Minister of Irrigation Government of Andhra Pradesh
- In office 22 October 1999 – 14 May 2004
- Governor: C. Rangarajan Surjit Singh Barnala
- Chief Minister: N. Chandrababu Naidu

Minister of Excise Government of Andhra Pradesh
- In office 8 October 1995 – 11 October 1999
- Governor: Krishan Kant C. Rangarajan
- Chief Minister: N. Chandrababu Naidu

Member of Legislative Assembly, Andhra Pradesh
- In office 1989–2004
- Preceded by: Mandava M. J. Thomas Chowdary
- Succeeded by: Gaddam Ganga Reddy
- Constituency: Dichpally
- In office 2009–2014
- Preceded by: Constituency established
- Succeeded by: Bajireddy Goverdhan
- Constituency: Dichpally

Personal details
- Party: Indian National Congress (since 2023)
- Other party: Bharat Rashtra Samithi (2019–2023) Telugu Desam Party (1985–2019)

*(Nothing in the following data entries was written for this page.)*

lemma tendsto_cbinom_ratio: "(\<lambda>k. cbinom (2*k+a) / cbinom (k+b)) \<longlonglongrightarrow> sqrt 2 / 2"
proof -
  define w where "w n = (2*real n+1) * cbinom n ^ 2" for n
  have w: "w \<longlonglongrightarrow> 2 / pi"
    unfolding w_def by (rule tendsto_cbinom_wallis)
  have "strict_mono (\<lambda>k::nat. 2*k+a)"
    by (rule strict_monoI) simp
  then have w1: "(\<lambda>k. w (2*k+a)) \<longlonglongrightarrow> 2 / pi"
    using LIMSEQ_subseq_LIMSEQ[OF w] by (simp add: o_def)
  have w2: "(\<lambda>k. w (k+b)) \<longlonglongrightarrow> 2 / pi"
    using LIMSEQ_ignore_initial_segment[OF w] .
  have lin: "(\<lambda>k. (2*real (k+b)+1) / (2*real (2*k+a)+1)) \<longlonglongrightarrow> 1/2"
    by real_asymp
  have eq: "w m / w n * ((2*real n+1) / (2*real m+1)) = (cbinom m / cbinom n)^2" for m n
    unfolding w_def by (simp add: power_divide)
  have "(\<lambda>k. w (2*k+a) / w (k+b) * ((2*real (k+b)+1) / (2*real (2*k+a)+1)))
          \<longlonglongrightarrow> (2/pi) / (2/pi) * (1/2)"
    by (intro tendsto_mult tendsto_divide w1 w2 lin) simp
  then have "(\<lambda>k. (cbinom (2*k+a) / cbinom (k+b))^2) \<longlonglongrightarrow> 1/2"
    by (simp only: eq) simp
  from tendsto_real_sqrt[OF this] have "(\<lambda>k. cbinom (2*k+a) / cbinom (k+b)) \<longlonglongrightarrow> sqrt (1/2)"
    using cbinom_pos by (simp add: abs_of_pos)
  moreover have "sqrt (1/2) = sqrt 2 / 2"
    by (simp add: real_sqrt_divide divide_simps)
  ultimately show ?thesis
    by simp
qed

definition series_term :: "nat \<Rightarrow> nat \<Rightarrow> real" where
  "series_term r n = 1 / (real n * (2 * real n + 2 * real r - 1) * 4 ^ n) *
     (real ((4*n - 2) choose (2*n - 1)) / real ((2*n + 2*r - 2) choose (n + r - 1)))"

text \<open>Indices are shifted, \<open>r = q + 1\<close> and \<open>n = k + 1\<close>, so that the truncated subtractions in
  \<open>series_term\<close> disappear; \<open>rho\<close> is the hypergeometric factor shared by the summand and
  the certificates.\<close>

definition rho :: "nat \<Rightarrow> nat \<Rightarrow> real" where
  "rho q k = cbinom (2*k+1) / (4^q * cbinom (k+q+1))"

lemma rho_pos: "rho q k > 0"
  by (simp add: rho_def cbinom_pos)

lemma series_term_eq_rho:
  "series_term (Suc q) (Suc k) = rho q k / (4 * (real k+1) * (2*real k+2*real q+3))"
proof -
  have "4 * Suc k - 2 = 2*(2*k+1)" "2 * Suc k - 1 = 2*k+1"
    "2 * Suc k + 2 * Suc q - 2 = 2*(k+q+1)" "Suc k + Suc q - 1 = k+q+1"
    by simp_all
  moreover have "(4::real) ^ (2*k+1) = 4 * 4^k * 4^k" "(4::real) ^ (k+q+1) = 4 * 4^k * 4^q"
    "(4::real) ^ Suc k = 4 * 4^k"
    by (simp_all add: power_add mult_2)
  moreover have "2 * real (Suc k) + 2 * real (Suc q) - 1 = 2*real k+2*real q+3"
    by simp
  ultimately show ?thesis
    unfolding series_term_def rho_def
    by (simp only: binomial_eq_cbinom) (simp add: divide_simps cbinom_pos; simp add: algebra_simps)
qed

lemma rho_Suc_right:
  "rho q (Suc k) = rho q k * ((4*real k+3) * (4*real k+5) * (2*real k+2*real q+4))
                     / ((4*real k+4) * (4*real k+6) * (2*real k+2*real q+3))"
proof -
  have "2 * Suc k + 1 = Suc (Suc (2*k+1))" "Suc k + q + 1 = Suc (k+q+1)"
    by simp_all
  then show ?thesis
    unfolding rho_def
    by (simp only: cbinom_Suc) (simp add: divide_simps cbinom_pos; simp add: algebra_simps)
qed

lemma rho_Suc_left:
  "rho (Suc q) k = rho q k * (2*real k+2*real q+4) / (4 * (2*real k+2*real q+3))"
proof -
  have "k + Suc q + 1 = Suc (k+q+1)"
    by simp
  then show ?thesis
    unfolding rho_def
    by (simp only: cbinom_Suc) (simp add: divide_simps cbinom_pos; simp add: algebra_simps)
qed

lemma tendsto_rho: "rho q \<longlonglongrightarrow> sqrt 2 / (2 * 4^q)"
proof -
  have "(\<lambda>k. cbinom (2*k+1) / cbinom (k+(q+1)) / 4^q) \<longlonglongrightarrow> sqrt 2 / 2 / 4^q"
    by (intro tendsto_divide tendsto_cbinom_ratio tendsto_const) simp
  then show ?thesis
    by (simp add: rho_def[abs_def] field_simps add.assoc)
qed

text \<open>Gosper's certificate for \<open>r = 1\<close>.\<close>

definition base_cert :: "nat \<Rightarrow> real" where
  "base_cert k = (2*real k+1) / (3*real k+3) * rho 0 k"

lemma series_term_one_telescoping: "series_term 1 (Suc k) = base_cert (Suc k) - base_cert k"
  unfolding base_cert_def One_nat_def series_term_eq_rho rho_Suc_right
  using rho_pos[of 0 k] by (simp add: divide_simps; simp add: algebra_simps)

lemma sums_series_term_one: "(\<lambda>k. series_term 1 (Suc k)) sums (sqrt 2 / 3 - 1 / 3)"
proof -
  have "(\<lambda>k. (2*real k+1) / (3*real k+3)) \<longlonglongrightarrow> 2/3"
    by real_asymp
  then have "base_cert \<longlonglongrightarrow> 2/3 * (sqrt 2 / 2)"
    unfolding base_cert_def[abs_def] using tendsto_rho[of 0] by (intro tendsto_mult) simp_all
  then have "(\<lambda>k. base_cert (Suc k) - base_cert k) sums (2/3 * (sqrt 2 / 2) - base_cert 0)"
    by (rule telescope_sums)
  moreover have "base_cert 0 = 1/3"
    using cbinom_pos[of 1] by (simp add: base_cert_def rho_def)
  ultimately show ?thesis
    unfolding series_term_one_telescoping by simp
qed

text \<open>Coefficient and certificate of the recurrence in \<open>r\<close> found by Zeilberger's algorithm.\<close>

definition recurrence_coeff :: "nat \<Rightarrow> real" where
  "recurrence_coeff q = (4*real q+5) * (4*real q+7) / ((2*real q+2) * (2*real q+3))"

definition recurrence_cert :: "nat \<Rightarrow> nat \<Rightarrow> real" where
  "recurrence_cert q k = - (2*real k+1) / (2*real k+2*real q+3) * rho q k / (4 * (real q+1) * (2*real q+3))"

lemma series_term_recurrence:
  "series_term (Suc q) (Suc k) - recurrence_coeff q * series_term (Suc (Suc q)) (Suc k)
     = recurrence_cert q (Suc k) - recurrence_cert q k"
  unfolding series_term_eq_rho recurrence_coeff_def recurrence_cert_def rho_Suc_left rho_Suc_right
  using rho_pos[of q k] by (simp add: divide_simps; simp add: algebra_simps)

lemma tendsto_recurrence_cert:
  "recurrence_cert q \<longlonglongrightarrow> - sqrt 2 / (8 * 4^q * (real q+1) * (2*real q+3))"
proof -
  have lim: "(\<lambda>k. - (2*real k+1) / (2*real k+2*real q+3)) \<longlonglongrightarrow> -1"
    by real_asymp
  have "-1 * (sqrt 2 / (2 * 4^q)) / (4 * (real q+1) * (2*real q+3))
      = - sqrt 2 / (8 * 4^q * (real q+1) * (2*real q+3))"
    by (simp add: divide_simps; simp add: algebra_simps)
  moreover have "recurrence_cert q \<longlonglongrightarrow> -1 * (sqrt 2 / (2 * 4^q)) / (4 * (real q+1) * (2*real q+3))"
    unfolding recurrence_cert_def[abs_def]
    by (intro tendsto_divide tendsto_mult lim tendsto_rho tendsto_const) simp
  ultimately show ?thesis
    by (simp only:)
qed

lemma sums_series_term_recurrence:
  "(\<lambda>k. series_term (Suc q) (Suc k) - recurrence_coeff q * series_term (Suc (Suc q)) (Suc k))
     sums ((1 / (cbinom (Suc q) * (2*real q+3)) - sqrt 2) / (8 * 4^q * (real q+1) * (2*real q+3)))"
proof -
  have "- sqrt 2 / (8 * 4^q * (real q+1) * (2*real q+3)) - recurrence_cert q 0
      = (1 / (cbinom (Suc q) * (2*real q+3)) - sqrt 2) / (8 * 4^q * (real q+1) * (2*real q+3))"
    using cbinom_pos[of "Suc q"]
    by (simp add: recurrence_cert_def rho_def cbinom_Suc[of 0] divide_simps; simp add: algebra_simps)
  then show ?thesis
    using telescope_sums[OF tendsto_recurrence_cert[of q]] unfolding series_term_recurrence
    by simp
qed

definition series_value :: "nat \<Rightarrow> real" where
  "series_value r = 1 / ((2 * real r - 1) * real ((2*r - 2) choose (r - 1))) - 1 / 2 ^ (2*r - 2) * I_r r"

lemma I_r_Suc:
  "I_r (Suc q) = 3 / (8 * (real q+1) * cbinom (2*q+2))
                   * (4/3 - sqrt 2 * (\<Sum>k\<le>q. cbinom (2*k) / (6*real k+3)))"
proof -
  have "real ((4*k) choose (2*k)) / ((6 * real k + 3) * 16 ^ k) = cbinom (2*k) / (6*real k+3)" for k
  proof -
    have "4*k = 2*(2*k)" "(16::real) ^ k = 4 ^ (2*k)"
      by (simp_all add: power_mult)
    then show ?thesis
      by (simp only: binomial_eq_cbinom) (simp add: cbinom_pos)
  qed
  moreover have "real ((4 * Suc q) choose (2 * Suc q)) = cbinom (2*q+2) * 16^q * 16"
  proof -
    have "4 * Suc q = 2*(2*q+2)" "2 * Suc q = 2*q+2" "(4::real) ^ (2*q+2) = 16^q * 16"
      by (simp_all add: power_add power_mult)
    then show ?thesis
      by (simp only: binomial_eq_cbinom)
  qed
  ultimately show ?thesis
    unfolding I_r_def using cbinom_pos[of "2*q+2"]
    by (simp add: atLeast0AtMost divide_simps)
qed

lemma series_value_Suc:
  "series_value (Suc q) = 1 / ((2*real q+2) * cbinom (Suc q) * 4^q)
     - 3 / (8 * (real q+1) * cbinom (2*q+2) * 4^q) * (4/3 - sqrt 2 * (\<Sum>k\<le>q. cbinom (2*k) / (6*real k+3)))"
proof -
  have "2 * Suc q - 2 = 2*q" "Suc q - 1 = q" "(2::real) ^ (2*q) = 4^q"
    by (simp_all add: power_mult)
  then have "series_value (Suc q) = 1 / ((2*real q+1) * cbinom q * 4^q) - I_r (Suc q) / 4^q"
    unfolding series_value_def by (simp only: binomial_eq_cbinom) (simp add: algebra_simps)
  then show ?thesis
    unfolding I_r_Suc cbinom_Suc[of q] using cbinom_pos[of q]
    by (simp add: divide_simps)
qed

= Mandava Venkateshwara Rao =

Indian politician

Mandava Venkateshwara Rao is an Indian politician from the state of Telangana. He has won four terms as an MLA from Dichpally Assembly Constituency and once from Nizamabad Rural Assembly constituency in the united state of Andhra Pradesh and served as Minister of Excise Department, Education Department and Heavy Irrigation Department.

==Career==
Rao entered politics through the Telugu Desam Party (TDP) and successfully contested as a candidate in the 1985 Andhra Pradesh Legislative Assembly election from Dichpalli Assembly constituency over his closest rival Indian National Congress candidate Antareddy Bal Reddy with a majority of 7726 votes.

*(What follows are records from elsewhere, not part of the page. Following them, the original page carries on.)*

text \<open>Energy in the box around the base of the cone can only decrease: the fluxes through the
  lateral faces vanish, because the weight is zero there.\<close>

lemma cone_energy_derivative_nonpos:
  fixes T y\<^sub>1 y\<^sub>2 :: real
  defines "a \<equiv> (T, y\<^sub>1, y\<^sub>2)" and "B \<equiv> cbox (y\<^sub>1 - T, y\<^sub>2 - T) (y\<^sub>1 + T, y\<^sub>2 + T)"
  assumes \<Phi>: "smooth_H \<Phi>" and free: "\<And>q. q \<in> Hs \<Longrightarrow> dirac \<Phi> q = 0" and t: "0 \<le> t" "t \<le> T"
  shows "integral B (\<lambda>z. pd 0 (cone_current \<Phi> a 0) (t, z)) \<le> 0"
proof -
  let ?j = "\<lambda>\<mu> z. pd \<mu> (cone_current \<Phi> a \<mu>) (t, z)"
  have int: "?j \<mu> integrable_on B" if "\<mu> < 3" for \<mu>
    unfolding B_def using continuous_on_time_slice[OF continuous_on_pd_cone_current[OF \<Phi> that] t(1)]
    by (rule integrable_continuous)
  have side: "cone_current \<Phi> a \<mu> (t, y\<^sub>1 + s * T, x) = 0" "cone_current \<Phi> a \<mu> (t, x, y\<^sub>2 + s * T) = 0"
    if "s \<in> {-1, 1}" for s x \<mu>
  proof -
    have "(T - t)\<^sup>2 \<le> T\<^sup>2" using t by (intro power_mono) auto
    moreover have "0 \<le> (x - y\<^sub>1)\<^sup>2" "0 \<le> (x - y\<^sub>2)\<^sup>2" by simp_all
    moreover have "cone_gap a (t, y\<^sub>1 + s * T, x) = (T - t)\<^sup>2 - T\<^sup>2 - (x - y\<^sub>2)\<^sup>2"
      "cone_gap a (t, x, y\<^sub>2 + s * T) = (T - t)\<^sup>2 - (x - y\<^sub>1)\<^sup>2 - T\<^sup>2"
      using that by (auto simp: cone_gap_def a_def coord_def power2_eq_square)
    ultimately have "cone_gap a (t, y\<^sub>1 + s * T, x) \<le> 0" "cone_gap a (t, x, y\<^sub>2 + s * T) \<le> 0"
      by linarith+
    then show "cone_current \<Phi> a \<mu> (t, y\<^sub>1 + s * T, x) = 0" "cone_current \<Phi> a \<mu> (t, x, y\<^sub>2 + s * T) = 0"
      by (simp_all add: cone_current_def cone_weight_eq_0)
  qed
  have "integral B (?j 1) = 0" "integral B (?j 2) = 0"
    unfolding B_def
    using integral_pd1_eq_0[OF differentiable_on_cone_current[OF \<Phi>] continuous_on_pd_cone_current[OF \<Phi>]]
      integral_pd2_eq_0[OF differentiable_on_cone_current[OF \<Phi>] continuous_on_pd_cone_current[OF \<Phi>]]
      side[of "-1"] side[of 1] t
    by simp_all
  then have "integral B (?j 0) = integral B (\<lambda>z. ?j 0 z + ?j 1 z + ?j 2 z)"
    using int[of 0] int[of 1] int[of 2] by (simp add: integral_add integrable_add)
  also have "\<dots> \<le> integral B (\<lambda>z. 0)"
    using int[of 0] int[of 1] int[of 2] t cone_current_divergence_nonpos[OF \<Phi> _ free]
    by (intro integral_le integrable_add integrable_0) (auto simp: Hs_def a_def coord_def sum_lessThan_3)
  finally show ?thesis by simp
qed

lemma cone_energy_antimono:
  fixes T y\<^sub>1 y\<^sub>2 :: real
  defines "a \<equiv> (T, y\<^sub>1, y\<^sub>2)" and "B \<equiv> cbox (y\<^sub>1 - T, y\<^sub>2 - T) (y\<^sub>1 + T, y\<^sub>2 + T)"
  assumes \<Phi>: "smooth_H \<Phi>" and free: "\<And>q. q \<in> Hs \<Longrightarrow> dirac \<Phi> q = 0" and t: "0 \<le> t" "t \<le> T"
  shows "integral B (\<lambda>z. cone_current \<Phi> a 0 (t, z)) \<le> integral B (\<lambda>z. cone_current \<Phi> a 0 (0, z))"
proof (rule nonpos_derivative_imp_le[OF t(1)])
  fix s assume s: "s \<in> {0..t}"
  show "((\<lambda>s. integral B (\<lambda>z. cone_current \<Phi> a 0 (s, z))) has_real_derivative
      integral B (\<lambda>z. pd 0 (cone_current \<Phi> a 0) (s, z))) (at s within {0..t})"
    unfolding B_def
    by (rule has_real_derivative_integral_time_slice[OF differentiable_on_cone_current[OF \<Phi>]
          continuous_on_pd_cone_current[OF \<Phi>] s]) simp
  show "integral B (\<lambda>z. pd 0 (cone_current \<Phi> a 0) (s, z)) \<le> 0"
    using cone_energy_derivative_nonpos[OF \<Phi> free] s t by (simp add: a_def B_def)
qed

lemma free_dirac_zero_data_vanishes:
  assumes \<Phi>: "smooth_H \<Phi>" and free: "\<And>q. q \<in> Hs \<Longrightarrow> dirac \<Phi> q = 0"
    and init: "\<And>x\<^sub>1 x\<^sub>2. \<Phi> (0, x\<^sub>1, x\<^sub>2) = 0" and p: "p \<in> Hs"
  shows "\<Phi> p = 0"
proof -
  obtain t\<^sub>0 y\<^sub>1 y\<^sub>2 where p_eq: "p = (t\<^sub>0, y\<^sub>1, y\<^sub>2)" by (cases p) auto
  have t\<^sub>0: "0 \<le> t\<^sub>0" using p by (simp add: p_eq Hs_def)
  define T where "T = t\<^sub>0 + 1"
  define a :: pt where "a = (T, y\<^sub>1, y\<^sub>2)"
  define B where "B = cbox (y\<^sub>1 - T, y\<^sub>2 - T) (y\<^sub>1 + T, y\<^sub>2 + T)"
  have nonneg: "0 \<le> cone_current \<Phi> a 0 q" for q
    by (simp add: cone_current_def cone_weight_def current_0_nonneg)
  have cont: "continuous_on B (\<lambda>z. cone_current \<Phi> a 0 (t\<^sub>0, z))"
    by (rule continuous_on_time_slice[OF
          differentiable_imp_continuous_on[OF differentiable_on_cone_current[OF \<Phi>]] t\<^sub>0])
  have "integral B (\<lambda>z. cone_current \<Phi> a 0 (t\<^sub>0, z)) \<le> integral B (\<lambda>z. cone_current \<Phi> a 0 (0, z))"
    using cone_energy_antimono[OF \<Phi> free t\<^sub>0] by (simp add: a_def B_def T_def)
  also have "\<dots> = 0"
    using init[of "fst z" "snd z" for z] by (simp add: cone_current_def current_def)
  finally have "((\<lambda>z. cone_current \<Phi> a 0 (t\<^sub>0, z)) has_integral 0) B"
    using integral_nonneg[OF integrable_continuous[OF cont[unfolded B_def]]] nonneg
      integrable_continuous[OF cont[unfolded B_def]]
    by (auto simp: B_def has_integral_iff)
  then have "cone_current \<Phi> a 0 p = 0"
    using has_integral_0_cbox_imp_0[OF cont[unfolded B_def] _ _ _, of "(y\<^sub>1, y\<^sub>2)"] t\<^sub>0
    by (auto simp: nonneg B_def p_eq T_def box_ne_empty Basis_prod_def cbox_Pair_eq cbox_interval)
  moreover have "cone_weight a p = 1"
    by (simp add: cone_weight_def cone_gap_def a_def p_eq T_def coord_def)
  ultimately show ?thesis
    by (simp add: cone_current_def current_0 vec_eq_iff forall_2 add_nonneg_eq_0_iff)
qed


section \<open>The good-derivative form of the minus component\<close>

lemma omega_sq: "rad p \<noteq> 0 \<Longrightarrow> (omega 1 p)\<^sup>2 + (omega 2 p)\<^sup>2 = 1"
proof -
  assume "rad p \<noteq> 0"
  have "(omega 1 p)\<^sup>2 + (omega 2 p)\<^sup>2 = ((coord 1 p)\<^sup>2 + (coord 2 p)\<^sup>2) / (rad p)\<^sup>2"
    unfolding omega_def by (simp add: power_divide add_divide_distrib)
  also have "\<dots> = 1"
    using \<open>rad p \<noteq> 0\<close> unfolding rad_def by simp
  finally show ?thesis .
qed

lemma scaleR_matrix_vector_mult: "(r *\<^sub>R A) *v (x::complex^2) = r *\<^sub>R (A *v x)"
  by (simp add: vec_eq_iff matrix_vector_mult_def scaleR_sum_right)

text \<open>For a unit vector \<open>\<omega>\<close>, \<open>(I - \<omega>\<^sub>a\<gamma>\<^sup>0\<gamma>\<^sup>a)\<gamma>\<^sup>0 = (I - \<omega>\<^sub>a\<gamma>\<^sup>0\<gamma>\<^sup>a)\<omega>\<^sub>b\<gamma>\<^sup>b\<close>, so the
  \<open>t\<close>-derivative in \<open>\<gamma>\<^sup>\<mu>\<partial>\<^sub>\<mu>\<close> can be absorbed into the good derivatives \<open>\<partial>\<^sub>b + \<omega>\<^sub>b\<partial>\<^sub>t\<close>.\<close>

lemma minus_part_dirac_identity:
  fixes w :: "nat \<Rightarrow> real"
  assumes w: "(w 1)\<^sup>2 + (w 2)\<^sup>2 = 1" and X: "X = (- \<i>) *s (gam 0 *v g 0 + gam 1 *v g 1 + gam 2 *v g 2)"
  shows "X - (\<Sum>a\<in>{1,2}. w a *\<^sub>R ((gam 0 ** gam a) *v X))
     = - (\<i> *s ((mat 1 - (\<Sum>a\<in>{1,2}. w a *\<^sub>R (gam 0 ** gam a)))
                     *v (\<Sum>b\<in>{1,2}. gam b *v (g b + w b *\<^sub>R g 0))))"
proof -
  have "complex_of_real (w 1) * complex_of_real (w 1) + complex_of_real (w 2) * complex_of_real (w 2) = 1"
    using w by (metis of_real_1 of_real_add of_real_mult power2_eq_square)
  then show ?thesis
    unfolding X
    by (simp add: matrix_vector_mult_diff_rdistrib matrix_vector_mult_add_rdistrib scaleR_matrix_vector_mult
        matrix_vector_mul_assoc[symmetric] gam_mult_vec vec_eq_iff forall_2 scaleR_vec_component
        algebra_simps del: vector_scaleR_component) algebra
qed

lemma psi_eq_dirac_op_Psi:
  assumes \<psi>: "smooth_H \<psi>" and \<Psi>: "smooth_H \<Psi>"
    and wave_eq: "\<And>p. p \<in> Hs \<Longrightarrow> - Box \<Psi> p = \<i> *s dirac \<psi> p"
    and init0: "\<And>x\<^sub>1 x\<^sub>2. \<Psi> (0, x\<^sub>1, x\<^sub>2) = 0"
    and init1: "\<And>x\<^sub>1 x\<^sub>2. pd 0 \<Psi> (0, x\<^sub>1, x\<^sub>2) = \<i> *s (gam 0 *v \<psi> (0, x\<^sub>1, x\<^sub>2))"
  shows "eq_on_Hs \<psi> (dirac_op \<Psi>)"
proof -
  define \<Phi> where "\<Phi> q = (- \<i>) *s dirac \<Psi> q + (- 1) *s \<psi> q" for q
  have "smooth_H \<Phi>"
    unfolding \<Phi>_def
    by (intro smooth_H_add smooth_H_bounded_linear[OF bounded_linear_vector_smult] smooth_H_dirac \<Psi> \<psi>)
  moreover have "dirac \<Phi> q = 0" if "q \<in> Hs" for q
    using dirac_linear[OF smooth_H_dirac[OF \<Psi>] \<psi> that, of "- \<i>" "- 1"] dirac_dirac[OF \<Psi> that] wave_eq[OF that]
    by (simp add: \<Phi>_def[abs_def] vec_eq_iff)
  moreover have "\<Phi> (0, x\<^sub>1, x\<^sub>2) = 0" for x\<^sub>1 x\<^sub>2
  proof -
    have "pd \<mu> \<Psi> (0, x\<^sub>1, x\<^sub>2) = 0" if "\<mu> \<in> {1, 2}" for \<mu>
      using that by (intro pd_const_on_ray[where c=0]) (auto simp: Hs_def dir_def init0)
    then show ?thesis
      using init1[of x\<^sub>1 x\<^sub>2] by (simp add: \<Phi>_def dirac_expand vec_eq_iff forall_2 gam_mult_vec)
  qed
  ultimately have "\<Phi> q = 0" if "q \<in> Hs" for q
    using free_dirac_zero_data_vanishes that by blast
  then show ?thesis
    by (auto simp: eq_on_Hs_def dirac_op_def \<Phi>_def vec_eq_iff)
qed

lemma minus_part_GamI:
  assumes \<psi>: "smooth_H \<psi>" and \<Psi>: "smooth_H \<Psi>" and eq: "eq_on_Hs \<psi> (dirac_op \<Psi>)"
    and p: "p \<in> Hs" and "rad p \<noteq> 0"
  shows "minus_part (GamI I \<psi>) p
     = - (\<i> *s ((mat 1 - (\<Sum>a\<in>{1,2}. omega a p *\<^sub>R (gam 0 ** gam a)))
                     *v (\<Sum>b\<in>{1,2}. gam b *v Gd b (GamI I \<Psi>) p)))"
proof -
  have "GamI I \<psi> p = GamI I (dirac_op \<Psi>) p"
    using dirac_compatible_GamI eq p unfolding dirac_compatible_def eq_on_Hs_def by blast
  also have "\<dots> = dirac_op (GamI I \<Psi>) p"
    using dirac_compatible_GamI \<Psi> p unfolding dirac_compatible_def eq_on_Hs_def by blast
  finally have "GamI I \<psi> p = (- \<i>) *s (gam 0 *v pd 0 (GamI I \<Psi>) p + gam 1 *v pd 1 (GamI I \<Psi>) p
      + gam 2 *v pd 2 (GamI I \<Psi>) p)"
    by (simp add: dirac_op_def dirac_expand)
  from minus_part_dirac_identity[OF omega_sq[OF \<open>rad p \<noteq> 0\<close>] this]
  show ?thesis unfolding minus_part_def Gd_def .
qed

Rao served as Vice Chairman of the State Planning Commission in 1995 and Excise Minister in First N. Chandrababu Naidu ministry cabinet in 1997. He also served as the Minister of Heavy Irrigation in Second N. Chandrababu Naidu ministry for three years and in 2002 he held the charge of Education Minister.

Rao contested the 2004 elections on behalf of the TDP and was defeated by his nearest rival TRS candidate Gaddam Gangareddy. He contested as a TDP candidate in 2008 (by-election) and repeated the same result. He was re-reelected in the 2009 Andhra Pradesh Legislative Assembly election from the Nizamabad Rural Assembly constituency.

Telangana Chief Minister K. Chandrasekhar Rao visited Rao's house in Hyderabad on 5 April 2019 and invited him to join the party. He joined the Telangana Rashtra Samithi party at Pragathi Bhavan on 6 April 2019.

Rao joined the Congress party in the presence of Rahul Gandhi at the Congress election campaign meeting at Bodhan on 25 November 2023.